Employers must use criteria for selection for redundancy which are not discriminatory on the grounds any of:
The usual rules on discrimination apply - an employer cannot directly discriminate in selection but may be able to indirectly discriminate, for example, by deciding to make part-time staff redundant rather than full-time employees. However, according to a ruling in one ECJ case the employer must objectively justify this decision.
The selection of two employees because they had been leading strike activists comes within the definition of an unfair dismissal. Selecting someone for redundancy because they spent too much time on union activities is automatically unfair, even in cases where the employer has no malice or intent to expel the employee because of trade union activities.
Equally, an employer cannot evaluate an employee based on skills exhibited while conducting work as a safety representative.
It is advisable for union representatives to exercise caution if transferred to alternative work that allows them to fulfill their trade union duties. In one case the EAT ruled that it was fair to select the rep for redundancy when the company no longer required the alternative work, even though there was still demand for the work in his primary position.
Tribunals can award compensation to take account of the fact that an employer has failed to adhere to the proper selection procedure. In the leading Polkey case the House of Lords ruled tribunals should reduce compensation where it could be demonstrated that had a proper procedure been adopted, the individual would have been selected in any case.
However, in another case the Court of Session in Scotland ruled that it was necessary to distinguish between a ’procedural error’ (where compensation could be reduced under the Polkey test) and an intrinsically unfair procedure, where it would not apply. A flawed selection procedure rectified on appeal is unlikely to lead to an award of additional compensation.
A proposal not to select an employee for redundancy only if they designate an alternative candidate has also been judged to be an unfair dismissal.
Employers can exploit criterion like absenteeism to select so long as, in doing so, they do not transgress discrimination legislation.
Tribunals will usually assess whether employers have adhered to previously adopted criteria. Most organised workplaces will have an agreed procedure for redundancy selection but the Deregulation and Contracting Out Act 1994 removed the presumption that a dismissal is unfair where the employer ignores the agreed selection procedure.
In one case the EAT determined that there was no legal duty on an employer to disclose the evaluations of those employees not selected.
The EAT has ruled that while there is some scope for subjectivity in determining redundancy selection, it is not in itself the grounds for a challenge; and the use of criteria like length of service should be totally avoided, although first in, last out may be used where it is one of a number of criteria.
"Employers do have duties in relation to selection. For example, a decision to make a long-standing employee redundant, when a job he was temporarily attached to ended, was held, by the EAT, to amount to an unfair selection, in so far as the employer should have considered selecting other similarly graded employees with less experience or qualifications".
Requesting volunteers first is not part of a selection procedure itself and is therefore not constrained by the rules of the selection procedure. Similarly, the refusal of a company to ask for volunteers before commencing its selection procedure is insufficient justification to mount a claim.
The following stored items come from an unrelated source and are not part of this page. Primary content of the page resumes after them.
text \<open>A word \<open>w = w_{n-1} \<dots> w_0\<close> is the list \<open>[w_{n-1}, \<dots>, w_0]\<close> (reading order,
  most significant digit first); its value is \<open>\<Sum>j. w_j \<beta>^j\<close>.\<close>
definition word_val :: "complex \<Rightarrow> complex list \<Rightarrow> complex" where
  "word_val \<beta> w = (\<Sum>j<length w. rev w ! j * \<beta> ^ j)"

definition integral_numeration_system :: "complex \<Rightarrow> complex set \<Rightarrow> bool" where
  "integral_numeration_system \<beta> D \<longleftrightarrow>
     \<beta> \<in> gauss_ints \<and> finite D \<and> D \<subseteq> gauss_ints \<and> 0 \<in> D \<and>
     (\<forall>z\<in>gauss_ints. \<exists>w\<in>lists D. word_val \<beta> w = z) \<and>
     (\<forall>w\<in>lists D. \<forall>w'\<in>lists D. word_val \<beta> w = word_val \<beta> w' \<longrightarrow>
        dropWhile (\<lambda>d. d = 0) w = dropWhile (\<lambda>d. d = 0) w')"

text \<open>Deterministic finite automaton with output (states coded as naturals, finite state set S,
  input alphabet D, transition \<delta>, initial state s0, output map \<tau>; output alphabet \<tau> ` S).
  The extended transition map \<open>\<delta>(s, wa) = \<delta>(\<delta>(s,w),a)\<close> is \<open>foldl \<delta> s w\<close>.\<close>
definition automatic :: "complex \<Rightarrow> complex set \<Rightarrow> (complex \<Rightarrow> 'b) \<Rightarrow> bool" where
  "automatic \<beta> D a \<longleftrightarrow>
     (\<exists>(S :: nat set) \<delta> s0 (\<tau> :: nat \<Rightarrow> 'b).
        finite S \<and> s0 \<in> S \<and> (\<forall>s\<in>S. \<forall>d\<in>D. \<delta> s d \<in> S) \<and>
        (\<forall>w\<in>lists D. a (word_val \<beta> w) = \<tau> (foldl \<delta> s0 w)))"

definition eventually_periodic :: "(complex \<Rightarrow> 'b) \<Rightarrow> bool" where
  "eventually_periodic a \<longleftrightarrow>
     (\<exists>p\<in>gauss_ints. \<exists>q\<in>gauss_ints. \<exists>F.
        (\<forall>m n :: int. of_int m * p + of_int n * q = 0 \<longrightarrow> m = 0 \<and> n = 0) \<and>
        finite F \<and>
        (\<forall>z\<in>gauss_ints - F. a z = a (z + p) \<and> a z = a (z + q)))"

end

theory Submission
  imports Defs
begin

text \<open>
  Let \<open>p, q\<close> be the periods of \<open>a\<close> and \<open>\<Delta> = det(p, q) \<noteq> 0\<close>. Following \<open>a\<close> far along
  the ray \<open>z + \<nat> p\<close> yields a configuration that is periodic under the lattice \<open>\<int>p + \<int>q\<close>,
  hence under \<open>\<Delta> \<int>[i]\<close>, and that agrees with \<open>a\<close> outside a ball. Reading a word digit by digit
  applies the maps \<open>v \<mapsto> \<beta> v + d\<close>, which respect congruence modulo \<open>\<Delta>\<close> and, as \<open>|\<beta>| > 1\<close>, never
  re-enter a large enough ball once they have left it. So the automaton remembers the value itself
  while it is inside the ball and only its residue modulo \<open>\<Delta>\<close> afterwards: finitely many states.
\<close>

lemma gauss_ints_add [intro]: "x \<in> gauss_ints \<Longrightarrow> y \<in> gauss_ints \<Longrightarrow> x + y \<in> gauss_ints"
  and gauss_ints_diff [intro]: "x \<in> gauss_ints \<Longrightarrow> y \<in> gauss_ints \<Longrightarrow> x - y \<in> gauss_ints"
  and gauss_ints_uminus [intro]: "x \<in> gauss_ints \<Longrightarrow> - x \<in> gauss_ints"
  and gauss_ints_mult [intro]: "x \<in> gauss_ints \<Longrightarrow> y \<in> gauss_ints \<Longrightarrow> x * y \<in> gauss_ints"
  and gauss_ints_cnj [intro]: "x \<in> gauss_ints \<Longrightarrow> cnj x \<in> gauss_ints"
  and gauss_ints_of_int [intro]: "of_int m \<in> gauss_ints"
  and gauss_ints_of_nat [intro]: "of_nat n \<in> gauss_ints"
  and gauss_ints_0 [intro]: "0 \<in> gauss_ints"
  by (auto simp: gauss_ints_def)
Nor would the employer’s decision not to request volunteers (even where they might exist) where only the work of one employee had diminished.
If a rep is alerted to a possible redundancy situation they should contact their organising team immediately
Remember the company you work for may have its own specific redundancy procedure in place but this only complements and does not supplant the statutory requirements
It should be stressed that consultation is "undertaken with a view to seeking agreement". Agreement means consent from both parties and not one side unilaterally imposing its view.
The briefs in this section provide guidance and some basic details of employment rights. They do not attempt to be comprehensive, and should not be taken as an authoritative statement of the law.